“So which one of you is going to try and kill me?”
As I say that, I force a laugh; it’s a joke but a twisted one. Every time I look at my chest, I wonder which breast will decide to “give up the ghost”, so to speak. I wonder which one of “the girls” will suddenly sport a lump or bump that isn’t so benign. I wonder if I’ll have to hear my specialist say, “Would you like your husband to sit with you while we discuss these results?”
Thankfully, none of this has happened. But I know it’s a very real possibility. It isn’t fun, but that’s stating the obvious.
You see, I didn’t sign up for this fight. I was drafted. In my case, my body itself is the one who is trying to fall ill. I literally have no say in any of this, as the BRCA is interwoven in my genetic make-up. I had zero desire to use any of my insurance or health benefits. But here I am.
“Being human means having a body, and bodies can fall to ill health at any time, for any reason.” As this post on Patheos puts it, we shouldn’t be penalizing someone because the body they have is faulty. Flesh and blood can break down. Human genetics can be prone to mutations that can cause fatal illness. Human bodies can fail and require care and that care can be costly.
I’ve found that out via personal experience. Again, that wasn’t fun but the alternative would have been a lot worse.

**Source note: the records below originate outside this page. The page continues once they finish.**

text \<open>The last two inequalities come from the identities
  \<open>\<lambda> B^d B^(d-1) = B^(d-1) A' - A^(d-1) B'\<close> and \<open>A^d A^(d-1) = A^(d-1) A' - \<lambda> A^(d-2) B B'\<close>,
  which recover \<open>B\<close> and \<open>A\<close> from \<open>(A', B')\<close>.\<close>
lemma homogeneous_step_inequalities:
  assumes Q: "A \<in> Qbar" "B \<in> Qbar" "lam \<in> Qbar" and "d \<ge> 2"
  defines "A' \<equiv> A ^ d + lam * B ^ d" and "B' \<equiv> A * B ^ (d - 1)"
  shows "v A' \<le> v A ^ d + v lam * v B ^ d"
    and "v A ^ d \<le> v A' + v lam * v B ^ d"
    and "v lam * v B ^ d \<le> v A' + v A ^ d"
    and "v B' = v A * v B ^ (d - 1)"
    and "v lam * v B ^ d * v B ^ (d - 1) \<le> v B ^ (d - 1) * v A' + v A ^ (d - 1) * v B'"
    and "v A ^ d * v A ^ (d - 1) \<le> v A ^ (d - 1) * v A' + v lam * v A ^ (d - 2) * v B * v B'"
proof -
  note Q' = Q Qbar_power Qbar_mult Qbar_add
  have "d = Suc (Suc (d - 2))" using \<open>d \<ge> 2\<close> by simp
  then have pow: "x ^ d = x * x ^ (d - 1)" "x ^ (d - 1) = x * x ^ (d - 2)" for x :: complex
    by (metis diff_Suc_1 power_Suc)+
  have B_elim: "B ^ (d - 1) * A' = lam * B ^ d * B ^ (d - 1) + A ^ (d - 1) * B'"
    unfolding A'_def B'_def by (simp add: pow(1)[of A] algebra_simps)
  have A_elim: "A ^ (d - 1) * A' = A ^ d * A ^ (d - 1) + lam * A ^ (d - 2) * B * B'"
    unfolding A'_def B'_def pow(2)[of A] pow(1)[of B] by (simp add: algebra_simps)
  have Q'': "A' \<in> Qbar" "B' \<in> Qbar" unfolding A'_def B'_def by (simp_all add: Q')
  show "v A' \<le> v A ^ d + v lam * v B ^ d"
    using triangle[of "A ^ d" "lam * B ^ d"] unfolding A'_def by (simp add: Q' mult power)
  show "v A ^ d \<le> v A' + v lam * v B ^ d"
    using reverse_triangle[of "A ^ d" "lam * B ^ d"] unfolding A'_def by (simp add: Q' mult power)
  show "v lam * v B ^ d \<le> v A' + v A ^ d"
    using reverse_triangle[of "lam * B ^ d" "A ^ d"] unfolding A'_def by (simp add: Q' mult power add.commute)
  show "v B' = v A * v B ^ (d - 1)"
    unfolding B'_def by (simp add: Q' mult power)
  show "v lam * v B ^ d * v B ^ (d - 1) \<le> v B ^ (d - 1) * v A' + v A ^ (d - 1) * v B'"
    using reverse_triangle[of "lam * B ^ d * B ^ (d - 1)" "A ^ (d - 1) * B'"]
    unfolding B_elim[symmetric] by (simp add: Q' Q'' mult power)
  show "v A ^ d * v A ^ (d - 1) \<le> v A ^ (d - 1) * v A' + v lam * v A ^ (d - 2) * v B * v B'"
    using reverse_triangle[of "A ^ d * A ^ (d - 1)" "lam * A ^ (d - 2) * B * B'"]
    unfolding A_elim[symmetric] by (simp add: Q' Q'' mult power)
qed

end

lemma AB_Suc:
  "AB d lam alpha (Suc n) =
     (fst (AB d lam alpha n) ^ d + lam * snd (AB d lam alpha n) ^ d,
      fst (AB d lam alpha n) * snd (AB d lam alpha n) ^ (d - 1))"
  by (simp add: Let_def split_def)

lemma AB_in_Qbar:
  assumes "alpha \<in> Qbar" "lam \<in> Qbar"
  shows "fst (AB d lam alpha n) \<in> Qbar" "snd (AB d lam alpha n) \<in> Qbar"
  by (induction n)
    (use assms in \<open>auto simp del: AB.simps simp: AB.simps(1) AB_Suc Qbar_one Qbar_add Qbar_mult Qbar_power\<close>)

section \<open>Limits of quasi-geometric sequences\<close>

lemma tendsto_of_summable_increments:
  fixes G t :: "nat \<Rightarrow> real"
  assumes "t sums S" and increment_le: "\<And>k. \<bar>G (Suc (k + n0)) - G (k + n0)\<bar> \<le> t k"
  shows "\<exists>h. G \<longlonglongrightarrow> h \<and> \<bar>h - G n0\<bar> \<le> S"
proof -
  define D where "D k = G (Suc (k + n0)) - G (k + n0)" for k
  have D_le_t: "\<bar>D k\<bar> \<le> t k" for k unfolding D_def by (rule increment_le)
  have "summable t" using \<open>t sums S\<close> by (rule sums_summable)
  have "summable (\<lambda>k. \<bar>D k\<bar>)"
    by (rule summable_comparison_test[OF _ \<open>summable t\<close>]) (use D_le_t in auto)
  then have "summable D" by (rule summable_rabs_cancel)
  have "G (n + n0) = G n0 + (\<Sum>k<n. D k)" for n
    by (induction n) (auto simp: D_def)
  moreover have "(\<lambda>n. G n0 + (\<Sum>k<n. D k)) \<longlonglongrightarrow> G n0 + suminf D"
    by (intro tendsto_add tendsto_const summable_LIMSEQ \<open>summable D\<close>)
  ultimately have "G \<longlonglongrightarrow> G n0 + suminf D"
    by (simp add: LIMSEQ_offset[where k = n0])
  have "\<bar>suminf D\<bar> \<le> (\<Sum>k. \<bar>D k\<bar>)"
    using summable_norm[of D] \<open>summable (\<lambda>k. \<bar>D k\<bar>)\<close> by simp
  also have "\<dots> \<le> suminf t"
    by (intro suminf_le \<open>summable (\<lambda>k. \<bar>D k\<bar>)\<close> \<open>summable t\<close>) (use D_le_t in auto)
  also have "\<dots> = S" using \<open>t sums S\<close> by (rule sums_unique[symmetric])
  finally have "\<bar>(G n0 + suminf D) - G n0\<bar> \<le> S" by simp
  then show ?thesis using \<open>G \<longlonglongrightarrow> G n0 + suminf D\<close> by blast
qed

lemma quasi_geometric_limit_bound:
  fixes g :: "nat \<Rightarrow> real" and d c0 c1 :: real
  assumes "d > 1" and "c0 \<ge> 0" and "c1 \<ge> 0" and "n0 \<ge> 1"
    and step: "\<And>n. n \<ge> 1 \<Longrightarrow> \<bar>g (Suc n) - d * g n\<bar> \<le> c0 + c1 * (d - 1) ^ n"
  shows "\<exists>h. (\<lambda>n. g n / d ^ n) \<longlonglongrightarrow> h \<and>
           \<bar>h - g n0 / d ^ n0\<bar> \<le> c0 / (d * (d - 1)) + c1 * ((d - 1) / d)"
proof -
  define r where "r = (d - 1) / d"
  define t where "t k = c0 / d ^ (n0 + 1) * (1 / d) ^ k + (c1 / d) * r ^ n0 * r ^ k" for k
  define S where "S = c0 / d ^ (n0 + 1) * (1 / (1 - 1 / d)) + (c1 / d) * r ^ n0 * (1 / (1 - r))"
  have "0 \<le> r" "r < 1" unfolding r_def using \<open>d > 1\<close> by auto
  have "t sums S"
    unfolding t_def S_def
    by (intro sums_add sums_mult geometric_sums) (use \<open>d > 1\<close> \<open>0 \<le> r\<close> \<open>r < 1\<close> in auto)
  moreover have "\<bar>g (Suc (k + n0)) / d ^ Suc (k + n0) - g (k + n0) / d ^ (k + n0)\<bar> \<le> t k" for k
  proof -
    have "\<bar>g (Suc (k + n0)) / d ^ Suc (k + n0) - g (k + n0) / d ^ (k + n0)\<bar>
            = \<bar>g (Suc (k + n0)) - d * g (k + n0)\<bar> / d ^ Suc (k + n0)"
      using \<open>d > 1\<close> by (simp add: field_simps abs_divide)
    also have "\<dots> \<le> (c0 + c1 * (d - 1) ^ (k + n0)) / d ^ Suc (k + n0)"
      using step[of "k + n0"] \<open>n0 \<ge> 1\<close> \<open>d > 1\<close> by (intro divide_right_mono) auto
    also have "\<dots> = t k"
      unfolding t_def r_def using \<open>d > 1\<close> by (simp add: field_simps power_add power_divide)
    finally show ?thesis .
  qed
  ultimately obtain h where h: "(\<lambda>n. g n / d ^ n) \<longlonglongrightarrow> h" "\<bar>h - g n0 / d ^ n0\<bar> \<le> S"
    using tendsto_of_summable_increments[of t S "\<lambda>n. g n / d ^ n" n0] by blast
  have "S = c0 / (d ^ n0 * (d - 1)) + c1 * r ^ n0"
    unfolding S_def r_def using \<open>d > 1\<close> by (simp add: field_simps)
  also have "\<dots> \<le> c0 / (d * (d - 1)) + c1 * r"
  proof (intro add_mono)
    have "d ^ 1 \<le> d ^ n0" using \<open>n0 \<ge> 1\<close> \<open>d > 1\<close> by (intro power_increasing) auto
    then show "c0 / (d ^ n0 * (d - 1)) \<le> c0 / (d * (d - 1))"
      using \<open>c0 \<ge> 0\<close> \<open>d > 1\<close> by (intro divide_left_mono mult_right_mono) auto
    have "r ^ n0 \<le> r ^ 1" using \<open>0 \<le> r\<close> \<open>r < 1\<close> \<open>n0 \<ge> 1\<close> by (intro power_decreasing) auto
    then show "c1 * r ^ n0 \<le> c1 * r" using \<open>c1 \<ge> 0\<close> by (intro mult_left_mono) auto
  qed
  finally show ?thesis using h unfolding r_def by (blast intro: order_trans)
qed

section \<open>Growth of the orbit norms\<close>

text \<open>Abstract form of \<open>a n = |A\<^sub>n|\<^sub>v\<close>, \<open>b n = |B\<^sub>n|\<^sub>v\<close> and \<open>R = |\<lambda>|\<^sub>v\<close>,
  retaining only the consequences of the triangle inequality listed in
  \<open>Qbar_absval.homogeneous_step_inequalities\<close>.\<close>
locale orbit_norms =
  fixes d :: nat and R :: real and a b :: "nat \<Rightarrow> real"
  assumes d_ge_3: "d \<ge> 3" and R_pos: "R > 0"
    and a_nonneg: "a n \<ge> 0" and b_nonneg: "b n \<ge> 0"
    and a_Suc_le: "a (Suc n) \<le> a n ^ d + R * b n ^ d"
    and a_pow_le: "a n ^ d \<le> a (Suc n) + R * b n ^ d"
    and R_b_pow_le: "R * b n ^ d \<le> a (Suc n) + a n ^ d"
    and b_Suc: "b (Suc n) = a n * b n ^ (d - 1)"
    and B_elim: "R * b n ^ d * b n ^ (d - 1) \<le> b n ^ (d - 1) * a (Suc n) + a n ^ (d - 1) * b (Suc n)"
    and A_elim: "a n ^ d * a n ^ (d - 1) \<le> a n ^ (d - 1) * a (Suc n) + R * a n ^ (d - 2) * b n * b (Suc n)"
begin

lemma mult_power_pred: "(x::real) * x ^ (d - 1) = x ^ d"
  and power_minus_2_mult: "(x::real) ^ (d - 2) * x = x ^ (d - 1)"
proof -
  have "d = Suc (Suc (d - 2))" using d_ge_3 by simp
  then show "x * x ^ (d - 1) = x ^ d" "x ^ (d - 2) * x = x ^ (d - 1)"
    by (metis diff_Suc_1 power_Suc power_Suc2)+
qed

lemma max_Suc_le: "max (a (Suc n)) (b (Suc n)) \<le> (1 + R) * max (a n) (b n) ^ d"
proof -
  let ?m = "max (a n) (b n)"
  have "?m \<ge> 0" using a_nonneg[of n] by simp
  have pow_le: "a n ^ d \<le> ?m ^ d" "b n ^ d \<le> ?m ^ d" "b n ^ (d - 1) \<le> ?m ^ (d - 1)"
    using a_nonneg[of n] b_nonneg[of n] by (auto intro!: power_mono)
  have "R * b n ^ d \<le> R * ?m ^ d" using R_pos pow_le(2) by simp
  then have a_Suc: "a (Suc n) \<le> (1 + R) * ?m ^ d"
    using a_Suc_le[of n] pow_le(1) by (simp add: distrib_right)
  have "b (Suc n) \<le> ?m * ?m ^ (d - 1)"
    unfolding b_Suc using pow_le(3) a_nonneg[of n] b_nonneg[of n] by (intro mult_mono) auto
  then have "b (Suc n) \<le> ?m ^ d" by (simp only: mult_power_pred)
  also have "\<dots> \<le> (1 + R) * ?m ^ d" using R_pos \<open>?m \<ge> 0\<close> by (simp add: distrib_right)
  finally show ?thesis using a_Suc by simp
qed

lemma max_pow_le: "max (a n) (b n) ^ d \<le> max (2 / R) (1 + R) * max (a (Suc n)) (b (Suc n))"
proof -
  let ?m' = "max (a (Suc n)) (b (Suc n))"
  have "?m' \<ge> 0" using a_nonneg[of "Suc n"] by simp
  consider "a n = 0" "b n = 0" | "a n \<le> b n" "b n > 0" | "b n < a n"
    using a_nonneg[of n] b_nonneg[of n] by fastforce
  then show ?thesis
  proof cases
    case 1
    then show ?thesis using d_ge_3 R_pos \<open>?m' \<ge> 0\<close> by (simp add: zero_power)
  next
    case 2
    have "a n ^ (d - 1) \<le> b n ^ (d - 1)" using 2 a_nonneg[of n] by (intro power_mono) auto
    then have "a n ^ (d - 1) * b (Suc n) \<le> b n ^ (d - 1) * ?m'"
      using a_nonneg b_nonneg by (intro mult_mono) auto
    moreover have "b n ^ (d - 1) * a (Suc n) \<le> b n ^ (d - 1) * ?m'"
      using 2 by (intro mult_left_mono) auto
    ultimately have "(R * b n ^ d) * b n ^ (d - 1) \<le> (2 * ?m') * b n ^ (d - 1)"
      using B_elim[of n] by (simp add: algebra_simps)
    then have "b n ^ d \<le> (2 / R) * ?m'" using 2 R_pos by (simp add: field_simps)
    also have "\<dots> \<le> max (2 / R) (1 + R) * ?m'" using \<open>?m' \<ge> 0\<close> by (intro mult_right_mono) auto
    finally show ?thesis using 2 by (simp add: max_def)
  next
    case 3
    have "a n ^ (d - 2) * b n \<le> a n ^ (d - 2) * a n"
      using 3 b_nonneg[of n] by (intro mult_left_mono) auto
    then have "a n ^ (d - 2) * b n \<le> a n ^ (d - 1)" by (simp only: power_minus_2_mult)
    then have "(a n ^ (d - 2) * b n) * b (Suc n) \<le> a n ^ (d - 1) * ?m'"
      using a_nonneg b_nonneg by (intro mult_mono) auto
    then have "R * a n ^ (d - 2) * b n * b (Suc n) \<le> R * (a n ^ (d - 1) * ?m')"
      using R_pos by (simp add: mult.assoc mult_left_mono)
    moreover have "a n ^ (d - 1) * a (Suc n) \<le> a n ^ (d - 1) * ?m'"
      using 3 b_nonneg[of n] by (intro mult_left_mono) auto
    ultimately have "(a n ^ d) * a n ^ (d - 1) \<le> ((1 + R) * ?m') * a n ^ (d - 1)"
      using A_elim[of n] by (simp add: algebra_simps)
    then have "a n ^ d \<le> (1 + R) * ?m'" using 3 b_nonneg[of n] by simp
    also have "\<dots> \<le> max (2 / R) (1 + R) * ?m'" using \<open>?m' \<ge> 0\<close> by (intro mult_right_mono) auto
    finally show ?thesis using 3 by simp
  qed
qed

We keep hearing that pro-life politicians care about unborn babies. What about the born ones? What about the infants that come into this world sick? Do these same politicians really care about them or do they just care about paying lip-service to their constituents? Articles like that make me wonder.
Just like I wonder each day, whether or not my breasts will betray me. Just like I wonder each day, will I still have health insurance. Just like I wonder each day, if my benefits will be enough to cover this condition, this pre-existing condition.
Each day I wonder. Each day I find I don’t have answers. And each day I still ask the question: “So which one of you is going to try and kill me?” Again, I force that laugh, as the silence is too deafening.